The first report was released in July 2011 and focused on surface transportation. The landmark study, Failure to Act: The Economic Impact of Current Investment Trends in Surface Transportation Infrastructure, found the nation’s deteriorating surface transportation infrastructure will cost the American economy more than 870,000 jobs, and suppress the growth of the country’s Gross Domestic Product by $897 billion by 2020. Commissioned by ASCE and conducted by the Economic Development Research Group of Boston, the report shows that the nation is facing a funding gap of about $94 billion a year compared with our current spending levels.

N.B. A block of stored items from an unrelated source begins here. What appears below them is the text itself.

(* Let $d\ge1$ and let $\Psi$, $B$, $b$ satisfy the standing assumptions (A1)–(A4) in the context. For $t\ge0$ and $V\in C^2(\mathbb{R}^d)$ define $$\mathcal L_t(V)(x)=-\langle\nabla V(x),B(t,x)\nabla\Psi(x)\rangle+\operatorname{div}\big(B(t,x)\nabla V(x)\big),$$ and let $V_a(x)=\exp(a(1+|x|^2)^{1/2})$. Then for every $a>0$ there exist $\lambda,\rho>0$ such that for all $t\ge0$ and all $x\in\mathbb{R}^d$, $$\mathcal L_t(V_a)(x)\le-\lambda V_a(x)+\rho.$$
   Context: $|\cdot|$ is the Euclidean norm on vectors and the operator norm on matrices; $a\vee b=\max\{a,b\}$; $\operatorname{div}B$ is the row-wise divergence $(\operatorname{div}B)_i=\sum_j\partial_{x_j}B_{ij}$, and $\operatorname{div}$ of a vector field is the usual divergence (taken in $x$). Standing assumptions: (A1) $\Psi\in C^2(\mathbb{R}^d)$, $\nabla\Psi$ $L$-Lipschitz, $\nabla\Psi(0)=0$. (A2) $B:[0,\infty)\times\mathbb{R}^d\to\mathbb{R}^{d\times d}$ symmetric with $\beta_lI\preceq B(t,x)\preceq\beta_uI$, $\beta_l,\beta_u>0$. (A3) $B$ is $C^2$ in $x$ and there are $L,n_B>0$, $\delta\ge1/2$ with, for all $x,y$, $s,t>0$: $|B(t,x)-B(t,y)|\vee|\operatorname{div}B(t,x)-\operatorname{div}B(t,y)|\le L(1+|x|^{n_B}+|y|^{n_B})|x-y|$ and $|B(s,x)-B(t,x)|\vee|\operatorname{div}B(s,x)-\operatorname{div}B(t,x)|\le L(1+|x|^{n_B})|s-t|^\delta$. (A4) $b(t,x)=-B(t,x)\nabla\Psi(x)+\operatorname{div}B(t,x)$ satisfies $\lim_{r\to\infty}\sup_{|x|\ge r,t\ge0}\langle\frac{x}{|x|},\frac{b(t,x)}{|b(t,x)|}\rangle<0$ and $\lim_{r\to\infty}\inf_{|x|\ge r,t\ge0}|b(t,x)|=\infty$. *)

theory Defs
  imports "HOL-Analysis.Analysis"
begin

text \<open>Vectors in R^d are rendered as real^'n (d = CARD('n) \<ge> 1);
  d x d matrices as real^'n^'n.\<close>

definition partial :: "(real^'n \<Rightarrow> real) \<Rightarrow> 'n \<Rightarrow> real^'n \<Rightarrow> real" where
  "partial f j x = deriv (\<lambda>s. f (x + s *\<^sub>R axis j 1)) 0"

definition has_partials :: "(real^'n \<Rightarrow> real) \<Rightarrow> bool" where
  "has_partials f \<longleftrightarrow> (\<forall>j x. (\<lambda>s. f (x + s *\<^sub>R axis j 1)) field_differentiable (at 0))"

definition C1_fun :: "(real^'n \<Rightarrow> real) \<Rightarrow> bool" where
  "C1_fun f \<longleftrightarrow> continuous_on UNIV f \<and> has_partials f \<and> (\<forall>j. continuous_on UNIV (partial f j))"

definition C2_fun :: "(real^'n \<Rightarrow> real) \<Rightarrow> bool" where
  "C2_fun f \<longleftrightarrow> C1_fun f \<and> (\<forall>j. C1_fun (partial f j))"

definition grad :: "(real^'n \<Rightarrow> real) \<Rightarrow> real^'n \<Rightarrow> real^'n" where
  "grad f x = (\<chi> j. partial f j x)"

definition divergence :: "(real^'n \<Rightarrow> real^'n) \<Rightarrow> real^'n \<Rightarrow> real" where
  "divergence F x = (\<Sum>j\<in>UNIV. partial (\<lambda>y. F y $ j) j x)"

text \<open>Row-wise divergence of a matrix field: (div B)_i = sum_j d_j B_ij.\<close>
definition divM :: "(real^'n \<Rightarrow> real^'n^'n) \<Rightarrow> real^'n \<Rightarrow> real^'n" where
  "divM M x = (\<chi> i. \<Sum>j\<in>UNIV. partial (\<lambda>y. M y $ i $ j) j x)"

definition opnorm :: "real^'n^'n \<Rightarrow> real" where
  "opnorm M = onorm (\<lambda>v. M *v v)"

definition drift :: "(real \<Rightarrow> real^'n \<Rightarrow> real^'n^'n) \<Rightarrow> (real^'n \<Rightarrow> real) \<Rightarrow> real \<Rightarrow> real^'n \<Rightarrow> real^'n" where
  "drift B \<Psi> t x = - (B t x *v grad \<Psi> x) + divM (B t) x"

definition genL :: "(real \<Rightarrow> real^'n \<Rightarrow> real^'n^'n) \<Rightarrow> (real^'n \<Rightarrow> real) \<Rightarrow> real \<Rightarrow> (real^'n \<Rightarrow> real) \<Rightarrow> real^'n \<Rightarrow> real" where
  "genL B \<Psi> t V x = - (grad V x \<bullet> (B t x *v grad \<Psi> x)) + divergence (\<lambda>y. B t y *v grad V y) x"

definition Va :: "real \<Rightarrow> real^'n \<Rightarrow> real" where
  "Va a x = exp (a * sqrt (1 + (norm x)\<^sup>2))"

end

(*
  With jb(x) = sqrt (1 + |x|^2) one has grad V_a = a V_a jb(x)^-1 x, so for symmetric B
    L_t V_a = a V_a jb(x)^-1 <x, b(t,x)> + a V_a jb(x)^-1 tr B + a V_a (a jb(x)^-2 - jb(x)^-3) <x, B x>
           <= V_a (a jb(x)^-1 <x, b(t,x)> + K)
  with K depending only on a, d and beta_u.  By (A4), <x, b(t,x)> <= -C |x| outside a large ball
  for any prescribed C, which makes the bracket at most -1 there.  On the ball, <x, b(t,x)> is
  bounded uniformly in t: the term <x, B grad Psi> by (A1) and (A2); the term <x, div B(t,x)>
  for t > 0 by comparison with the point y = R x / |x| of the sphere, where (A4) gives
  <y, div B(t,y)> <= <y, B grad Psi(y)>, and the spatial Lipschitz bound of (A3), which is
  uniform in t; for t = 0, where (A3) says nothing, by continuity on the compact ball.
*)

theory Submission
  imports Defs
begin

lemma has_partials_has_field_derivative:
  assumes "has_partials f"
  shows "((\<lambda>s. f (x + s *\<^sub>R axis j 1)) has_field_derivative partial f j x) (at 0)"
  using assms unfolding has_partials_def partial_def
  by (simp add: DERIV_deriv_iff_field_differentiable)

In fact Nobel Economist Joseph Stiglitz asserts in a recent Project Syndicate blog that “Spending, especially on investments in education, technology, and infrastructure, can actually lead to lower long-term deficits.”

Most of the federal ‘fiscal cliff’ was created by borrowing to finance serial tax cuts and increased military spending that benefited the few at the expense of the many, instead of shoring up social security and Medicare reserves, as Bush Treasury Secretary Paul O’Neill advocated.

In fact, those tax revenues were diverted to the real ‘takers’, the wealthiest Wall Street financiers and corporate CEOs who have managed to capture most of the created wealth over the last decades. Just in 2009, it’s well documented that 93 percent of the income increase went to the top 1 percent of income earners through lower dividend and capital gains taxes, as well as record corporate profits.

But that means taking political power back from the elites who would rather starve government programs that could boost middle class incomes and consumers, asserts Chrystia Freeland in Plutocrats, The Rise of the New Global Super-Rich and the Fall of Everyone Else. Plutocrats are putting the wealth accumulated from deregulation of the U.S. economy into developing the middle classes of developing countries such as India, China, and Brazil, rather than the U.S.

Need we say more? Should we continue to allow the private good to trump public good? Not unless we enjoy reverting back to conditions like those in the developing world.